(* For every positive integer $n$, $$E(n)=\sum_{d\mid n}\mu(d)\left(\left\lfloor\frac{n}{2d}\right\rfloor+1\right),$$ where $\mu$ is the Möbius function.
   Context: Define on triples of integers $\Gamma_{0,1}(\tau_1,\tau_2,\tau_3)=(\tau_2,\tau_3,\tau_2+\tau_3)$ and $\Gamma_{0,2}(\tau_1,\tau_2,\tau_3)=(\tau_1,\tau_3,\tau_1+\tau_3)$. The $(1,0)$-Euclid tree is the set of triples obtained from the root $(1,1,2)$ by finitely many (possibly zero) applications of $\Gamma_{0,1},\Gamma_{0,2}$. Define $E(1)=1$ and, for $n\ge2$, $E(n)$ as the number of distinct triples $T$ on the $(1,0)$-Euclid tree whose largest entry equals $n$. *)

theory Defs
  imports Complex_Main "HOL-Computational_Algebra.Squarefree"
begin

definition Gamma01 :: "int \<times> int \<times> int \<Rightarrow> int \<times> int \<times> int" where
  "Gamma01 T = (case T of (t1, t2, t3) \<Rightarrow> (t2, t3, t2 + t3))"

definition Gamma02 :: "int \<times> int \<times> int \<Rightarrow> int \<times> int \<times> int" where
  "Gamma02 T = (case T of (t1, t2, t3) \<Rightarrow> (t1, t3, t1 + t3))"

inductive_set euclid_tree :: "(int \<times> int \<times> int) set" where
  root: "(1, 1, 2) \<in> euclid_tree"
| g1: "T \<in> euclid_tree \<Longrightarrow> Gamma01 T \<in> euclid_tree"
| g2: "T \<in> euclid_tree \<Longrightarrow> Gamma02 T \<in> euclid_tree"

definition max_entry :: "int \<times> int \<times> int \<Rightarrow> int" where
  "max_entry T = (case T of (a, b, c) \<Rightarrow> Max {a, b, c})"

definition E :: "nat \<Rightarrow> nat" where
  "E n = (if n = 1 then 1
          else card {T \<in> euclid_tree. max_entry T = int n})"

definition moebius :: "nat \<Rightarrow> int" where
  "moebius n = (if squarefree n then (-1) ^ card (prime_factors n) else 0)"

end

theory Submission
  imports Defs
begin

text \<open>
  A triple lies on the tree exactly when it has the form (a, b, a + b) with 0 < a \<le> b and
  a, b coprime: the maps Gamma01 and Gamma02 preserve this shape, and conversely the subtractive
  Euclidean algorithm walks every such triple back to the root (1, 1, 2). Hence the triples with
  largest entry n correspond to the x \<le> n/2 coprime to n, and these are counted by Legendre's
  formula, i.e. by Moebius inversion over the divisors of n; the extra summand
  \<Sum>d|n. \<mu>(d) = [n = 1] accounts for the convention E(1) = 1.
\<close>

lemma coprime_add_self_right_int: "coprime (a::int) (a + b) \<longleftrightarrow> coprime a b"
  by (simp add: coprime_iff_gcd_eq_1 gcd_add2)

lemma sum_Pow_minus_one_power_card:
  assumes "finite A"
  shows "(\<Sum>X\<in>Pow A. (-1::int) ^ card X) = (if A = {} then 1 else 0)"
proof -
  have "(\<Sum>X\<in>Pow A. (-1::int) ^ card X) = (\<Prod>x\<in>A. 1 - 1)"
    by (subst prod_diff_conv_sum[OF assms]) simp
  then show ?thesis
    using assms by (simp add: power_0_left card_eq_0_iff)
qed

lemma prod_prime_factors_squarefree:
  assumes "squarefree (d::nat)"
  shows "\<Prod>(prime_factors d) = d"
proof -
  have "d \<noteq> 0" using assms by (metis not_squarefree_0)
  have "\<Prod>(prime_factors d) = (\<Prod>p\<in>prime_factors d. p ^ multiplicity p d)"
    using assms \<open>d \<noteq> 0\<close> by (intro prod.cong) (auto simp: squarefree_factorial_semiring')
  also have "\<dots> = d"
    using prod_prime_factors[OF \<open>d \<noteq> 0\<close>] by simp
  finally show ?thesis .
qed

lemma prime_factors_prod_primes:
  assumes "finite S" "\<And>p. p \<in> S \<Longrightarrow> prime (p::nat)"
  shows "prime_factors (\<Prod>S) = S"
proof -
  have "prime_factors (\<Prod>S) = (\<Union>p\<in>S. prime_factors p)"
  proof (subst prime_factors_prod)
    show "0 \<notin> (\<lambda>x. x) ` S"
      using assms(2) not_prime_0 by blast
  qed (use assms in auto)
  also have "\<dots> = S"
    using assms(2) by (auto simp: prime_prime_factors)
  finally show ?thesis .
qed

lemma bij_betw_Prod_squarefree_divisors:
  assumes "(k::nat) > 0"
  shows "bij_betw Prod (Pow (prime_factors k)) {d. d dvd k \<and> squarefree d}"
proof (rule bij_betw_byWitness[where f' = prime_factors])
  show "\<forall>S\<in>Pow (prime_factors k). prime_factors (\<Prod>S) = S"
    by (auto intro!: prime_factors_prod_primes intro: finite_subset)
  show "\<forall>d\<in>{d. d dvd k \<and> squarefree d}. \<Prod>(prime_factors d) = d"
    by (auto intro: prod_prime_factors_squarefree)
  show "prime_factors ` {d. d dvd k \<and> squarefree d} \<subseteq> Pow (prime_factors k)"
    using assms dvd_prime_factors[of k] by auto
  show "Prod ` Pow (prime_factors k) \<subseteq> {d. d dvd k \<and> squarefree d}"
  proof clarify
    fix S assume S: "S \<subseteq> prime_factors k"
    have "\<Prod>S dvd \<Prod>(prime_factors k)"
      using S by (intro prod_dvd_prod_subset) auto
    also have "\<dots> dvd (\<Prod>p\<in>prime_factors k. p ^ multiplicity p k)"
      by (intro prod_dvd_prod) (auto simp: prime_factors_multiplicity)
    also have "\<dots> = k"
      using prod_prime_factors[of k] assms by simp
    moreover have "\<And>p. p \<in> S \<Longrightarrow> prime p"
      using S by auto
    ultimately show "\<Prod>S dvd k \<and> squarefree (\<Prod>S)"
      by (auto intro!: squarefree_prod_coprime simp: primes_coprime squarefree_prime)
  qed
qed

lemma sum_moebius_divisors:
  assumes "(k::nat) > 0"
  shows "(\<Sum>d\<in>{d. d dvd k}. moebius d) = (if k = 1 then 1 else 0)"
proof -
  have "(\<Sum>d\<in>{d. d dvd k}. moebius d) = (\<Sum>d\<in>{d. d dvd k \<and> squarefree d}. moebius d)"
    using assms by (intro sum.mono_neutral_right) (auto simp: moebius_def)
  also have "\<dots> = (\<Sum>S\<in>Pow (prime_factors k). moebius (\<Prod>S))"
    by (rule sum.reindex_bij_betw[OF bij_betw_Prod_squarefree_divisors[OF assms], symmetric])
  also have "\<dots> = (\<Sum>S\<in>Pow (prime_factors k). (-1) ^ card S)"
  proof (intro sum.cong refl)
    fix S assume "S \<in> Pow (prime_factors k)"
    then have "squarefree (\<Prod>S)" "prime_factors (\<Prod>S) = S"
      using bij_betw_Prod_squarefree_divisors[OF assms]
      by (auto dest: bij_betw_apply intro!: prime_factors_prod_primes intro: finite_subset)
    then show "moebius (\<Prod>S) = (-1) ^ card S"
      by (simp add: moebius_def)
  qed
  also have "\<dots> = (if k = 1 then 1 else 0)"
    using assms by (simp add: sum_Pow_minus_one_power_card prime_factorization_empty_iff)
  finally show ?thesis .
qed

lemma card_multiples_atLeastAtMost:
  assumes "(d::nat) > 0"
  shows "card {x\<in>{1..m}. d dvd x} = m div d"
proof -
  have "{x\<in>{1..m}. d dvd x} = (\<lambda>j. d * j) ` {1..m div d}"
  proof (intro set_eqI iffI)
    fix x assume "x \<in> {x\<in>{1..m}. d dvd x}"
    then obtain j where "x = d * j" "1 \<le> x" "x \<le> m" by auto
    moreover have "j \<le> m div d"
      using \<open>x = d * j\<close> \<open>x \<le> m\<close> assms by (metis div_le_mono nonzero_mult_div_cancel_left not_gr0)
    ultimately show "x \<in> (\<lambda>j. d * j) ` {1..m div d}"
      by (auto intro!: Suc_leI)
  next
    fix x assume "x \<in> (\<lambda>j. d * j) ` {1..m div d}"
    then obtain j where "j \<in> {1..m div d}" "x = d * j" by blast
    then have "x = d * j" "1 \<le> j" "j \<le> m div d" by auto
    moreover have "d * (m div d) \<le> m" by simp
    ultimately show "x \<in> {x\<in>{1..m}. d dvd x}"
      using assms by (auto intro: order_trans[OF mult_le_mono2])
  qed
  moreover have "inj_on (\<lambda>j. d * j) {1..m div d}"
    using assms by (auto simp: inj_on_def)
  ultimately show ?thesis by (simp add: card_image)
qed

lemma card_coprime_atLeastAtMost:
  assumes "(n::nat) > 0"
  shows "int (card {x\<in>{1..m}. coprime x n}) = (\<Sum>d\<in>{d. d dvd n}. moebius d * int (m div d))"
proof -
  have "int (card {x\<in>{1..m}. coprime x n}) = (\<Sum>x\<in>{1..m}. if coprime x n then 1 else 0)"
    by (simp add: sum.If_cases Int_def)
  also have "\<dots> = (\<Sum>x\<in>{1..m}. \<Sum>d\<in>{d\<in>{d. d dvd n}. d dvd x}. moebius d)"
  proof (intro sum.cong refl)
    fix x
    have "{d\<in>{d. d dvd n}. d dvd x} = {d. d dvd gcd x n}" by auto
    then show "(if coprime x n then 1 else 0) = (\<Sum>d\<in>{d\<in>{d. d dvd n}. d dvd x}. moebius d)"
      using sum_moebius_divisors[of "gcd x n"] assms by (simp add: coprime_iff_gcd_eq_1)
  qed
  also have "\<dots> = (\<Sum>d\<in>{d. d dvd n}. \<Sum>x\<in>{x\<in>{1..m}. d dvd x}. moebius d)"
    using assms by (intro sum.swap_restrict) auto
  also have "\<dots> = (\<Sum>d\<in>{d. d dvd n}. moebius d * int (m div d))"
  proof (intro sum.cong refl)
    fix d assume "d \<in> {d. d dvd n}"
    then have "d > 0" using assms by (auto intro: Nat.gr0I)
    then show "(\<Sum>x\<in>{x\<in>{1..m}. d dvd x}. moebius d) = moebius d * int (m div d)"
      by (simp only: sum_constant card_multiples_atLeastAtMost of_nat_id) (simp add: mult.commute)
  qed
  finally show ?thesis .
qed

lemma euclid_tree_imp_coprime_pair:
  assumes "T \<in> euclid_tree"
  shows "\<exists>a b. T = (a, b, a + b) \<and> 0 < a \<and> a \<le> b \<and> coprime a b"
  using assms
proof induction
  case root
  show ?case by auto
next
  case (g1 T)
  then obtain a b where "T = (a, b, a + b)" "0 < a" "a \<le> b" "coprime a b" by blast
  then show ?case
    by (intro exI[of _ b] exI[of _ "a + b"])
       (auto simp: Gamma01_def coprime_add_self_right_int add.commute[of a] coprime_commute)
next
  case (g2 T)
  then obtain a b where "T = (a, b, a + b)" "0 < a" "a \<le> b" "coprime a b" by blast
  then show ?case
    by (intro exI[of _ a] exI[of _ "a + b"]) (auto simp: Gamma02_def coprime_add_self_right_int)
qed

lemma coprime_pair_in_euclid_tree:
  fixes a b :: int
  assumes "0 < a" "a \<le> b" "coprime a b"
  shows "(a, b, a + b) \<in> euclid_tree"
  using assms
proof (induction "nat b" arbitrary: a b rule: less_induct)
  case less
  have coprime_diff: "coprime a (b - a)"
    using less.prems(3) coprime_add_self_right_int[of a "b - a"] by simp
  consider "a = b" | "a < b" "b - a \<le> a" | "a < b" "a < b - a"
    using less.prems(2) by linarith
  then show ?case
  proof cases
    case 1
    then have "a = 1"
      using less.prems by (simp add: zdvd1_eq)
    then show ?thesis
      using 1 euclid_tree.root by simp
  next
    case 2
    have "(b - a, a, (b - a) + a) \<in> euclid_tree"
      using less 2 coprime_diff by (intro less.hyps) (auto simp: coprime_commute)
    from euclid_tree.g1[OF this] show ?thesis
      by (simp add: Gamma01_def)
  next
    case 3
    have "(a, b - a, a + (b - a)) \<in> euclid_tree"
      using less 3 coprime_diff by (intro less.hyps) auto
    from euclid_tree.g2[OF this] show ?thesis
      by (simp add: Gamma02_def)
  qed
qed

lemma euclid_tree_iff:
  "T \<in> euclid_tree \<longleftrightarrow> (\<exists>a b. T = (a, b, a + b) \<and> 0 < a \<and> a \<le> b \<and> coprime a b)"
  using euclid_tree_imp_coprime_pair coprime_pair_in_euclid_tree by blast

lemma euclid_tree_max_entry_eq:
  "{T \<in> euclid_tree. max_entry T = int n}
     = (\<lambda>x. (int x, int n - int x, int n)) ` {x \<in> {1..n div 2}. coprime x n}"
proof (intro set_eqI iffI)
  fix T assume "T \<in> {T \<in> euclid_tree. max_entry T = int n}"
  then obtain a b where T: "T = (a, b, a + b)" "0 < a" "a \<le> b" "coprime a b" "a + b = int n"
    by (auto simp: euclid_tree_iff max_entry_def max_def)
  have "int (nat a) = a"
    using T(2) by simp
  moreover have "coprime a (int n)"
    using T coprime_add_self_right_int[of a b] by simp
  ultimately have "coprime (nat a) n"
    by (metis coprime_int_iff)
  moreover have "nat a \<in> {1..n div 2}"
    using T by auto
  moreover have "T = (int (nat a), int n - int (nat a), int n)"
    using T by auto
  ultimately show "T \<in> (\<lambda>x. (int x, int n - int x, int n)) ` {x \<in> {1..n div 2}. coprime x n}"
    by blast
next
  fix T assume "T \<in> (\<lambda>x. (int x, int n - int x, int n)) ` {x \<in> {1..n div 2}. coprime x n}"
  then obtain x where x: "T = (int x, int n - int x, int n)" "x \<in> {1..n div 2}" "coprime x n"
    by blast
  then have "coprime (int x) (int n - int x)"
    using coprime_add_self_right_int[of "int x" "int n - int x"] by simp
  then have "T \<in> euclid_tree"
    using x by (auto simp: euclid_tree_iff)
  moreover have "max_entry T = int n"
    using x by (auto simp: max_entry_def max_def)
  ultimately show "T \<in> {T \<in> euclid_tree. max_entry T = int n}"
    by blast
qed

lemma E_eq_card_coprime:
  "int (E n) = int (card {x \<in> {1..n div 2}. coprime x n}) + (if n = 1 then 1 else 0)"
proof (cases "n = 1")
  case False
  have "inj_on (\<lambda>x. (int x, int n - int x, int n)) A" for A
    by (auto simp: inj_on_def)
  then show ?thesis
    using False by (simp add: E_def euclid_tree_max_entry_eq card_image)
qed (simp add: E_def)

theorem corollary3p5:
  fixes n :: nat
  assumes "n \<ge> 1"
  shows "int (E n) = (\<Sum>d \<in> {d. d dvd n}. moebius d * (\<lfloor>real n / (2 * real d)\<rfloor> + 1))"
proof -
  have n: "n > 0" using assms by simp
  have floor_eq: "\<lfloor>real n / (2 * real d)\<rfloor> = int (n div 2 div d)" for d
    using floor_divide_of_nat_eq[of n "2 * d"] by (simp add: div_mult2_eq)
  have "(\<Sum>d \<in> {d. d dvd n}. moebius d * (\<lfloor>real n / (2 * real d)\<rfloor> + 1))
      = (\<Sum>d \<in> {d. d dvd n}. moebius d * int (n div 2 div d)) + (\<Sum>d \<in> {d. d dvd n}. moebius d)"
    by (simp add: floor_eq distrib_left sum.distrib)
  also have "\<dots> = int (card {x \<in> {1..n div 2}. coprime x n}) + (if n = 1 then 1 else 0)"
    using card_coprime_atLeastAtMost[OF n] sum_moebius_divisors[OF n] by simp
  also have "\<dots> = int (E n)"
    by (rule E_eq_card_coprime[symmetric])
  finally show ?thesis ..
qed

end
================
- Exercise description -
Return exactly, and only, the lines above starting at the line that contains "(prime_factors k). (-1)" and ending at the line that contains "using bij_betw_Prod_squarefree_divisors[OF assms]".

- Exercise answer -
  also have "\<dots> = (\<Sum>S\<in>Pow (prime_factors k). (-1) ^ card S)"
  proof (intro sum.cong refl)
    fix S assume "S \<in> Pow (prime_factors k)"
    then have "squarefree (\<Prod>S)" "prime_factors (\<Prod>S) = S"
      using bij_betw_Prod_squarefree_divisors[OF assms]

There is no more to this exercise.